This article was originally published on Towards Data Science on October 19th, 2019.
It’s not a secret that blogging, and content creation in general, can be beneficial to your professional career. In today’s post, I want to share with you what changed after I started blogging, and why I won’t look back in the near future.
Even though this is just my opinion, I can’t say that the points will differ much from person to person — as those are just some general benefits of having a blog.
I’m eager to hear what you think, so feel free to share your thoughts and opinions down below. Without further ado, let’s get straight to the point.
1. You’ll learn more quickly
Some data science topics can be tough to understand. When you surround yourself with a couple of learning resources and give a couple of days to go through the materials, you’ll form some basic understanding. If it’s a coding-related topic it’s needless to say that you should be writing code alongside reading theoretical resources.
What happens then is that you jump to the next topic of interest, and over time completely forgetting what you’ve learned on the first one. That’s a bummer. Luckily for you, blogging is a good way to address this issue.
The idea is that you give yourself a couple of days for everything to sink in properly. Then, grab a piece of paper (or laptop if you prefer), and try to explain that topic in a non-technical way. Some times it won’t be completely possible, but try to avoid confusing ‘big words’.
Ask yourself the following question: How would I like this topic to be explained to me if a had no idea about it?
That has two straight benefits:
- You’re helping your community (this will be addressed in the second part of the article).
- You’re giving yourself one more chance to recap the topic.
Here’s a quote from Albert Einstein:
“If you can’t explain it simply, you don’t understand it well enough.”
That’s why you should avoid big technical words when writing blogging. It’s easy to pack your article with technical jargon even you don’t understand. It’s tempting, you think you’ll look smart, but your reader will most likely immediately close his internet browser.
2. Great reputation builder
Do you know what will happen immediately after you send your CV to some company?
They’ll google you.
Make sure that something worthy comes up before a photo of you lying unconscious in the park, as a result of Friday night gone wrong. Okay, maybe I’m overreacting a bit here, but you get the point.
When you’re blogging you’re immediately more valuable than the person with the same knowledge that doesn’t blog. You have added value. The other person doesn’t. Just be cautious when making a bold statement that one technology or one approach is better than the other. It can be a double-edged sword.
Even if you’re not interesting in a full-time job, blogging can help you land more freelance clients. It’s always a win situation, except in those rare cases when you write about something you know nothing about.
3. Money on the side
This is a biggie. I won’t share with you exactly how much money I earn blogging, because the information won’t be relevant to you.
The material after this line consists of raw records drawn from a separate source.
(* Let R = N[x] \<union> N[y]. Since G - R is bipartite with sides X - R and Y - R, Hall's theorem
   applied to both sides yields a perfect matching once every A \<subseteq> X - R has at least |A|
   neighbours outside R (and symmetrically for Y). Otherwise let B = N(A) and S = {x} \<union> A \<union> B.
   The only vertices of R that B can meet are neighbours of x, and counting edge ends in this
   bipartite cubic graph shows that at most |B \<inter> N(x)| \<le> 3 edges leave S. But S contains a
   vertex of A with its three neighbours and V - S contains at least two neighbours of y, so
   essential 4-edge-connectivity forces at least four edges to leave S. *)

definition hall_condition :: "('a \<Rightarrow> 'b set) \<Rightarrow> 'a set \<Rightarrow> bool" where
  "hall_condition N A \<longleftrightarrow> (\<forall>B\<subseteq>A. card B \<le> card (\<Union>(N ` B)))"

lemma hall_condition_Diff_tight:
  assumes hall: "hall_condition N A" and fin: "finite A" "\<And>a. a \<in> A \<Longrightarrow> finite (N a)"
    and B: "B \<subseteq> A" and tight: "card (\<Union>(N ` B)) = card B"
  shows "hall_condition (\<lambda>a. N a - \<Union>(N ` B)) (A - B)"
  unfolding hall_condition_def
proof (intro allI impI)
  fix C assume C: "C \<subseteq> A - B"
  have BC: "B \<union> C \<subseteq> A" using B C by blast
  then have "finite (B \<union> C)" using fin(1) by (rule finite_subset)
  then have finite: "finite B" "finite C" "finite (\<Union>(N ` (B \<union> C)))" using BC fin(2) by auto
  have "card B + card C = card (B \<union> C)"
    using C finite by (subst card_Un_disjoint) auto
  also have "\<dots> \<le> card (\<Union>(N ` (B \<union> C)))"
    using hall BC unfolding hall_condition_def by blast
  also have "\<Union>(N ` (B \<union> C)) = \<Union>(N ` B) \<union> (\<Union>a\<in>C. N a - \<Union>(N ` B))"
    by blast
  also have "card \<dots> \<le> card B + card (\<Union>a\<in>C. N a - \<Union>(N ` B))"
    using card_Un_le tight by metis
  finally show "card C \<le> card (\<Union>a\<in>C. N a - \<Union>(N ` B))" by simp
qed

lemma hall_condition_Diff_singleton:
  assumes surplus: "\<And>C. C \<subseteq> A \<Longrightarrow> C \<noteq> {} \<Longrightarrow> card C < card (\<Union>(N ` C))"
  shows "hall_condition (\<lambda>a. N a - {b}) A"
  unfolding hall_condition_def
proof (intro allI impI)
  fix C assume C: "C \<subseteq> A"
  show "card C \<le> card (\<Union>a\<in>C. N a - {b})"
  proof (cases "C = {}")
    case False
    have "card C \<le> card (\<Union>(N ` C)) - card {b}" using surplus[OF C False] by simp
    also have "\<dots> \<le> card (\<Union>(N ` C) - {b})" by (rule diff_card_le_card_Diff) simp
    also have "\<Union>(N ` C) - {b} = (\<Union>a\<in>C. N a - {b})" by blast
    finally show ?thesis .
  qed simp
qed

theorem hall_marriage:
  "finite A \<Longrightarrow> (\<And>a. a \<in> A \<Longrightarrow> finite (N a)) \<Longrightarrow> hall_condition N A
    \<Longrightarrow> \<exists>f. inj_on f A \<and> (\<forall>a\<in>A. f a \<in> N a)"
proof (induction A arbitrary: N rule: finite_psubset_induct)
  case (psubset A)
  have hall: "\<And>B. B \<subseteq> A \<Longrightarrow> card B \<le> card (\<Union>(N ` B))"
    using psubset.prems(2) unfolding hall_condition_def by blast
  \<comment> \<open>Halmos-Vaughan: split off a tight proper subset if there is one; otherwise every
      nonempty proper subset has surplus, so any single edge a-b can be used.\<close>
  consider "A = {}"
    | B where "B \<subset> A" "B \<noteq> {}" "card (\<Union>(N ` B)) = card B"
    | a where "a \<in> A" "\<And>C. C \<subseteq> A - {a} \<Longrightarrow> C \<noteq> {} \<Longrightarrow> card C < card (\<Union>(N ` C))"
  proof (cases "\<exists>B. B \<subset> A \<and> B \<noteq> {} \<and> card (\<Union>(N ` B)) = card B")
    case no_tight: False
    show thesis
    proof (cases "A = {}")
      case False
      then obtain a where a: "a \<in> A" by blast
      have "card C < card (\<Union>(N ` C))" if C: "C \<subseteq> A - {a}" "C \<noteq> {}" for C
      proof -
        have "C \<subset> A" using C a by blast
        then have "card (\<Union>(N ` C)) \<noteq> card C" using no_tight C(2) by blast
        moreover have "card C \<le> card (\<Union>(N ` C))" using hall \<open>C \<subset> A\<close> by blast
        ultimately show ?thesis by linarith
      qed
      with a show thesis using that(3) by blast
    qed (use that(1) in blast)
  qed (use that(2) in blast)
  then show ?case
  proof cases
    case 1
    then show ?thesis by simp
  next
    case (2 B)
    let ?U = "\<Union>(N ` B)"
    have "\<exists>f. inj_on f B \<and> (\<forall>a\<in>B. f a \<in> N a)"
      using psubset.hyps psubset.prems \<open>B \<subset> A\<close>
      by (intro psubset.IH[OF \<open>B \<subset> A\<close>]) (auto simp: hall_condition_def)
    then obtain f where f: "inj_on f B" "\<forall>a\<in>B. f a \<in> N a" by blast
    have "hall_condition (\<lambda>a. N a - ?U) (A - B)"
      using psubset.hyps psubset.prems \<open>B \<subset> A\<close> 2(3) by (intro hall_condition_Diff_tight) auto
    then have "\<exists>g. inj_on g (A - B) \<and> (\<forall>a\<in>A - B. g a \<in> N a - ?U)"
      using psubset.hyps psubset.prems \<open>B \<subset> A\<close> \<open>B \<noteq> {}\<close> by (intro psubset.IH) auto
    then obtain g where g: "inj_on g (A - B)" "\<forall>a\<in>A - B. g a \<in> N a - ?U" by blast
    have "f ` B \<subseteq> ?U" using f(2) by blast
    moreover have "g ` (A - B) \<inter> ?U = {}" using g(2) by blast
    ultimately have "f ` B \<inter> g ` (A - B) = {}" by blast
    then have "inj_on (\<lambda>a. if a \<in> B then f a else g a) (B \<union> (A - B))"
      by (rule inj_on_disjoint_Un[OF f(1) g(1)])
    then have "inj_on (\<lambda>a. if a \<in> B then f a else g a) A"
      using \<open>B \<subset> A\<close> by (simp add: Un_absorb1 psubset_imp_subset)
    moreover have "\<forall>a\<in>A. (if a \<in> B then f a else g a) \<in> N a" using f(2) g(2) by simp
    ultimately show ?thesis by blast
  next
    case (3 a)
    have "card {a} \<le> card (N a)" using hall[of "{a}"] \<open>a \<in> A\<close> by simp
    then obtain b where b: "b \<in> N a" by fastforce
    have "hall_condition (\<lambda>z. N z - {b}) (A - {a})"
      using 3(2) by (rule hall_condition_Diff_singleton)
    then have "\<exists>g. inj_on g (A - {a}) \<and> (\<forall>z\<in>A - {a}. g z \<in> N z - {b})"
      using psubset.hyps psubset.prems \<open>a \<in> A\<close> by (intro psubset.IH) auto
    then obtain g where g: "inj_on g (A - {a})" "\<forall>z\<in>A - {a}. g z \<in> N z - {b}" by blast
    have "inj_on (\<lambda>z. if z \<in> A - {a} then g z else b) (A - {a} \<union> {a})"
      using g by (intro inj_on_disjoint_Un) auto
    then have "inj_on (\<lambda>z. if z \<in> A - {a} then g z else b) A"
      using \<open>a \<in> A\<close> by (simp add: insert_absorb)
    moreover have "\<forall>z\<in>A. (if z \<in> A - {a} then g z else b) \<in> N z" using g(2) b by simp
    ultimately show ?thesis by blast
  qed
qed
It depends on where you live. You’ll earn in American Dollars, the question is in which currency you’ll spend?
If you are living in the US, the earnings might cover a month of rent, if living elsewhere it might be a couple of months of rent. Or a new laptop — you decide!
And the most amazing thing isn’t the fact that someone is willing to pay for your opinion — the most amazing thing is that in a way, you are paid to learn stuff you’re interested in. How can you say no to that?
Before you leave
My opinion is that you should start blogging today. Even if you’re not good at it, there’s no better place to learn than to jump right in. If after some time you decide that it isn’t for you, never mind, at least you gave it a try.
If 10 readers of this article start blogging, I am absolutely sure that at least 7 or 8 will keep doing it after a couple of months pass by.
In case you’re worried about how much time it will take, I would say around 5–7 hours per week for 3 good quality blog posts. Learning time is not included here — you’ll be learning stuff irrelevant of do you blog or not, right?
Give yourself a few days to consider what you’ve read here and to let everything sink in. Then make a decision — I believe you’ll make the right one.